[Agreed.]
[Of course it would work.]
[All systems, because FILE is defined to be an object type.]
That's the point. FILE is _not_ incomplete on any system known to
me, in order to allow putc and getc macros to function. Thus you
can write that FILE in = *stdin with impunity on those systems,
and get no errors.
I think most participants in this thread aren't understanding each
other. FILE is not incomplete on any system because *the Standard
says it isn't*! This has nothing to do with the working or not of
putc and getc macros. It's perfectly possible to write macros that
work with incomplete types, for example:
#define FIRST_ELEM(a) (a[0])
where 'a' can be declared with type 'int[]'; or with pointers to
incomplete types, for example:
#define MY_GETC(fp) (fgetc(fp))
where 'fp' is defined with object type 'MY_FILE *' and 'MY_FILE'
is incomplete.
If you then try to pass &in to various
functions, peculiar things are going to happen.

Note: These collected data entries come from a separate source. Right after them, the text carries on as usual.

(* Suppose that for all $0\le t\le T$, $\lambda_{\min}\big(\mathbf{G}(t)+\frac{1}{\alpha^2}\mathbf{V}(t)\big)\ge\frac{\omega}{2}$ for some $\omega>0$, and $|g_k(t)-g_k(0)|\le R_g$ for all $k$, where $R_g\le 1/(m/\delta)^{1/d}$. Then with probability at least $1-\delta$ over the initialization, $$\|\mathbf{v}_k(t)-\mathbf{v}_k(0)\|_2\le\frac{4\sqrt n\,\|\mathbf{f}(0)-\mathbf{y}\|_2}{\alpha\,\omega\sqrt m}$$ for each $k$ and all $0\le t\le T$.
   Context: Data $(\mathbf{x}_i,y_i)\in\mathbb{R}^d\times\mathbb{R}$, $i=1,\dots,n$, with $\|\mathbf{x}_i\|_2\le1$. Network $f(\mathbf{x})=\frac{1}{\sqrt m}\sum_{k=1}^mc_k\sigma(g_k\mathbf{v}_k^\top\mathbf{x}/\|\mathbf{v}_k\|_2)$, $\sigma(s)=\max\{s,0\}$; initialization with $\alpha>0$: independently $\mathbf{v}_k(0)\sim N(0,\alpha^2\mathbf{I})$, $c_k$ uniform on $\{-1,1\}$, $g_k(0)=\|\mathbf{v}_k(0)\|_2/\alpha$. Gradient flow on $L=\frac12\sum_i(f(\mathbf{x}_i)-y_i)^2$: $\frac{d\mathbf{v}_k}{dt}=-\partial L/\partial\mathbf{v}_k$, $\frac{dg_k}{dt}=-\partial L/\partial g_k$, $c_k$ fixed; $\mathbf{f}(t)$ predictions, $\mathbf{y}$ targets. Notation: $\mathbf{x}^{\mathbf{u}^\perp}=\mathbf{x}-\mathbf{u}\mathbf{u}^\top\mathbf{x}/\|\mathbf{u}\|_2^2$, $\mathbb{1}_{ik}(t)=\mathbb{1}\{\mathbf{v}_k(t)^\top\mathbf{x}_i\ge0\}$, $\mathbf{V}_{ij}(t)=\frac1m\sum_k\big(\frac{\alpha c_kg_k(t)}{\|\mathbf{v}_k(t)\|_2}\big)^2\langle\mathbf{x}_i^{\mathbf{v}_k(t)^\perp},\mathbf{x}_j^{\mathbf{v}_k(t)^\perp}\rangle\mathbb{1}_{ik}(t)\mathbb{1}_{jk}(t)$, $\mathbf{G}_{ij}(t)=\frac1m\sum_k\sigma(\mathbf{v}_k(t)^\top\mathbf{x}_i)\sigma(\mathbf{v}_k(t)^\top\mathbf{x}_j)/\|\mathbf{v}_k(t)\|_2^2$. Under gradient flow the predictions evolve as $\frac{d\mathbf{f}}{dt}=-(\mathbf{V}(t)/\alpha^2+\mathbf{G}(t))(\mathbf{f}(t)-\mathbf{y})$. *)

theory Defs
  imports "HOL-Probability.Probability"
begin
lemma bij_betw_SR_vertices_lists:
  "bij_betw (\<lambda>x. map x [0..<m]) (SR_vertices m n) {l. length l = m \<and> sum_list l = n}"
proof (rule bij_betw_byWitness[where f' = "\<lambda>l i. if i < m then l ! i else 0"])
  show "\<forall>x\<in>SR_vertices m n. (\<lambda>i. if i < m then map x [0..<m] ! i else 0) = x"
    by (auto simp: SR_vertices_outside)
  show "\<forall>l\<in>{l. length l = m \<and> sum_list l = n}. map (\<lambda>i. if i < m then l ! i else 0) [0..<m] = l"
    by (auto intro: nth_equalityI)
  show "(\<lambda>x. map x [0..<m]) ` SR_vertices m n \<subseteq> {l. length l = m \<and> sum_list l = n}"
    by (auto simp: SR_vertices_def sum_list_sum_nth atLeast0LessThan)
  show "(\<lambda>l i. if i < m then l ! i else 0) ` {l. length l = m \<and> sum_list l = n} \<subseteq> SR_vertices m n"
    by (auto simp: SR_vertices_def sum_list_sum_nth atLeast0LessThan)
qed

lemma finite_SR_vertices: "finite (SR_vertices m n)"
proof -
  have "finite {l::nat list. length l = m \<and> sum_list l = n}"
    by (rule finite_subset[of _ "{l. set l \<subseteq> {..n} \<and> length l = m}"])
      (auto simp: finite_lists_length_eq member_le_sum_list)
  then show ?thesis using bij_betw_finite[OF bij_betw_SR_vertices_lists] by blast
qed

lemma card_SR_vertices: "card (SR_vertices m n) = (n + m - 1) choose n"
  using bij_betw_same_card[OF bij_betw_SR_vertices_lists] card_length_sum_list by simp

lemma six_times_choose_3: "6 * ((k + 2) choose 3) = k * (k + 1) * (k + 2)"
proof (induction k)
  case (Suc k)
  have "Suc k + 2 choose 3 = (k + 2 choose 2) + (k + 2 choose 3)"
    using choose_reduce_nat[of "Suc k + 2" 3] by simp
  moreover have "2 * (k + 2 choose 2) = (k + 2) * (k + 1)" by (simp add: choose_two)
  ultimately show ?case using Suc by (simp add: algebra_simps)
qed simp

lemma card_SR_vertices_3: "6 * card (SR_vertices m 3) = m * (m + 1) * (m + 2)"
proof (cases m)
  case (Suc k)
  then have "3 + m - 1 = m + 2" by simp
  then have "card (SR_vertices m 3) = (m + 2) choose 3" by (simp add: card_SR_vertices)
  then show ?thesis using six_times_choose_3[of m] by simp
qed (simp add: card_SR_vertices)

lemma finite_SR_independent: "SR_independent m n S \<Longrightarrow> finite S"
  using finite_SR_vertices finite_subset by (auto simp: SR_independent_def)

lemma SR_independent_subset: "SR_independent m n S \<Longrightarrow> T \<subseteq> S \<Longrightarrow> SR_independent m n T"
  by (auto simp: SR_independent_def)

lemma SR_independent_diff:
  assumes S: "SR_independent m n S" and z: "\<forall>x\<in>S. z \<le> x"
  shows "SR_independent m (n - (\<Sum>i<m. z i)) ((\<lambda>x. x - z) ` S)"
    and "inj_on (\<lambda>x. x - z) S"
proof -
  show "inj_on (\<lambda>x. x - z) S" unfolding inj_on_def using z le_fun_diff_cancel by blast
  show "SR_independent m (n - (\<Sum>i<m. z i)) ((\<lambda>x. x - z) ` S)"
    unfolding SR_independent_def
  proof (intro conjI ballI)
    show "(\<lambda>x. x - z) ` S \<subseteq> SR_vertices m (n - (\<Sum>i<m. z i))"
      using S z SR_vertices_diff by (auto simp: SR_independent_def)
    fix x' y' assume "x' \<in> (\<lambda>x. x - z) ` S" "y' \<in> (\<lambda>x. x - z) ` S"
    then obtain x y where "x \<in> S" "y \<in> S" "x' = x - z" "y' = y - z" by blast
    then show "\<not> SR_adj m x' y'" using S z SR_adj_diff[of z x y m] by (simp add: SR_independent_def)
  qed
qed
lemma positive_contraction_rescaled:
  fixes A :: "'a::chilbert_space \<Rightarrow> 'a"
  assumes A: "positive_op A"
  shows "positive_contraction (\<lambda>x. x - (1 / (onorm A + 1)) *\<^sub>R A x)"
proof -
  define s where "s = onorm A + 1"
  have s: "s > 0"
    using onorm_pos_le[OF cblinear_bounded_linear[OF positive_opD(1)[OF A]]] by (simp add: s_def)
  have Re_le: "Re (cinner (A x) x) \<le> s * (norm x)\<^sup>2" for x
  proof -
    have "Re (cinner (A x) x) \<le> norm (A x) * norm x"
      by (rule order_trans[OF complex_Re_le_cmod norm_cinner_le])
    also have "\<dots> \<le> onorm A * norm x * norm x"
      by (intro mult_right_mono cblinear_onorm[OF positive_opD(1)[OF A]] norm_ge_zero)
    finally have "Re (cinner (A x) x) \<le> onorm A * (norm x)\<^sup>2"
      by (simp add: power2_eq_square mult.assoc)
    then show ?thesis
      using zero_le_power2[of "norm x"] unfolding s_def distrib_right by linarith
  qed
  show ?thesis
    unfolding s_def[symmetric]
  proof
    show "cblinear (\<lambda>x. x - (1 / s) *\<^sub>R A x)"
      by (intro cblinear_diff_fun cblinear_ident cblinear_scaleR_fun positive_opD(1)[OF A])
    show "hermitian (\<lambda>x. x - (1 / s) *\<^sub>R A x)"
      using hermitianD[OF positive_op_hermitian[OF A]]
      by (simp add: hermitian_def cinner_diff_left cinner_diff_right cinner_scaleR_left cinner_scaleR_right)
    fix x
    have Re: "Re (cinner (x - (1 / s) *\<^sub>R A x) x) = (norm x)\<^sup>2 - Re (cinner (A x) x) / s"
      by (simp add: cinner_diff_left cinner_scaleR_left Re_cinner_self)
    show "0 \<le> Re (cinner (x - (1 / s) *\<^sub>R A x) x)"
      using Re_le[of x] s by (simp add: Re divide_le_eq mult.commute)
    show "Re (cinner (x - (1 / s) *\<^sub>R A x) x) \<le> (norm x)\<^sup>2"
      using positive_opD(2)[OF A, of x] s by (simp add: Re)
  qed
qed

text \<open>The witness is \<open>\<surd>s \<cdot> (I - X) powr (1/2)\<close> for the contraction \<open>X = I - A/s\<close>; as a norm
  limit of polynomials in \<open>A\<close>, it commutes with every operator commuting with \<open>A\<close>, which is
  what makes it unique.\<close>

lemma ex_positive_sqrt:
  fixes A :: "'a::chilbert_space \<Rightarrow> 'a"
  assumes A: "positive_op A"
  shows "\<exists>B. positive_op B \<and> (\<forall>x. B (B x) = A x)
    \<and> (\<forall>C. cblinear C \<and> (\<forall>x. C (A x) = A (C x)) \<longrightarrow> (\<forall>x. C (B x) = B (C x)))"
proof -
  define s where "s = onorm A + 1"
  have s: "s > 0"
    using onorm_pos_le[OF cblinear_bounded_linear[OF positive_opD(1)[OF A]]] by (simp add: s_def)
  define X where "X x = x - (1 / s) *\<^sub>R A x" for x
  interpret X: positive_contraction X
    unfolding X_def s_def by (rule positive_contraction_rescaled[OF A])
  define B where "B x = sqrt s *\<^sub>R sqrt_series X x" for x
  have "positive_op B"
    using X.positive_op_sqrt_series s cblinear_scaleR_fun[OF X.cblinear_sqrt_series, of "sqrt s"]
    unfolding positive_op_def B_def by (simp add: cinner_scaleR_left)
  moreover have "B (B x) = A x" for x
    using s by (simp add: B_def cblinear_scaleR[OF X.cblinear_sqrt_series] X.sqrt_series_square X_def)
  moreover have "C (B x) = B (C x)" if "cblinear C" "\<And>x. C (A x) = A (C x)" for C x
    using that by (simp add: B_def cblinear_scaleR X.sqrt_series_commute X_def cblinear_diff)
  ultimately show ?thesis by blast
qed

lemma positive_sqrt_unique:
  fixes A B C :: "'a::chilbert_space \<Rightarrow> 'a"
  assumes B: "positive_op B" "\<And>x. B (B x) = A x"
    and B_commute: "\<And>C' z. cblinear C' \<Longrightarrow> (\<And>x. C' (A x) = A (C' x)) \<Longrightarrow> C' (B z) = B (C' z)"
    and C: "positive_op C" "\<And>x. C (C x) = A x"
  shows "C x = B x"
proof -
  have Bl: "cblinear B" and Cl: "cblinear C" using B(1) C(1) by (simp_all add: positive_op_def)
  have CB: "C (B x) = B (C x)" for x
    by (rule B_commute[OF Cl]) (simp add: C(2)[symmetric])
  define y where "y = B x - C x"
  have "B y + C y = 0"
    by (simp add: y_def cblinear_diff[OF Bl] cblinear_diff[OF Cl] B(2) C(2) CB)
  then have "Re (cinner (B y) y) + Re (cinner (C y) y) = 0"
    by (metis cinner_add_left cinner_zero_left plus_complex.sel(1) zero_complex.sel(1))
  then have "Re (cinner (B y) y) = 0" "Re (cinner (C y) y) = 0"
    using positive_opD(2)[OF B(1), of y] positive_opD(2)[OF C(1), of y] by linarith+
  then have "B y = 0" "C y = 0"
    using positive_op_eq_0[OF B(1)] positive_op_eq_0[OF C(1)] by auto
  then have "cinner y y = 0"
    using hermitianD[OF positive_op_hermitian[OF B(1)], of x y]
      hermitianD[OF positive_op_hermitian[OF C(1)], of x y]
    by (simp add: y_def cinner_diff_left)
  then show ?thesis by (simp add: y_def cinner_eq_zero_iff)
qed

Probably. That's not surprising at all; the value of &in, while
it has the right type (FILE *), was not derived from a call to
'fopen', nor is it equal to 'stdin', 'stdout', 'stderr', or any
other pre-defined 'FILE *' object. So it's basically a garbage
value. Garbage in, garbage out.
I guess a fairly harmless test of this would be:
#include <stdio.h>
/* proving FILE is not incomplete on this system */
int main(void)
{
printf("sizeof(FILE) = %d\n", (int)sizeof(FILE));
return 0;
}
You really could have removed the first and last four lines of that
program, and you still would have had a proof that 'FILE' is not an
incomplete type. The Standard *says* it's not.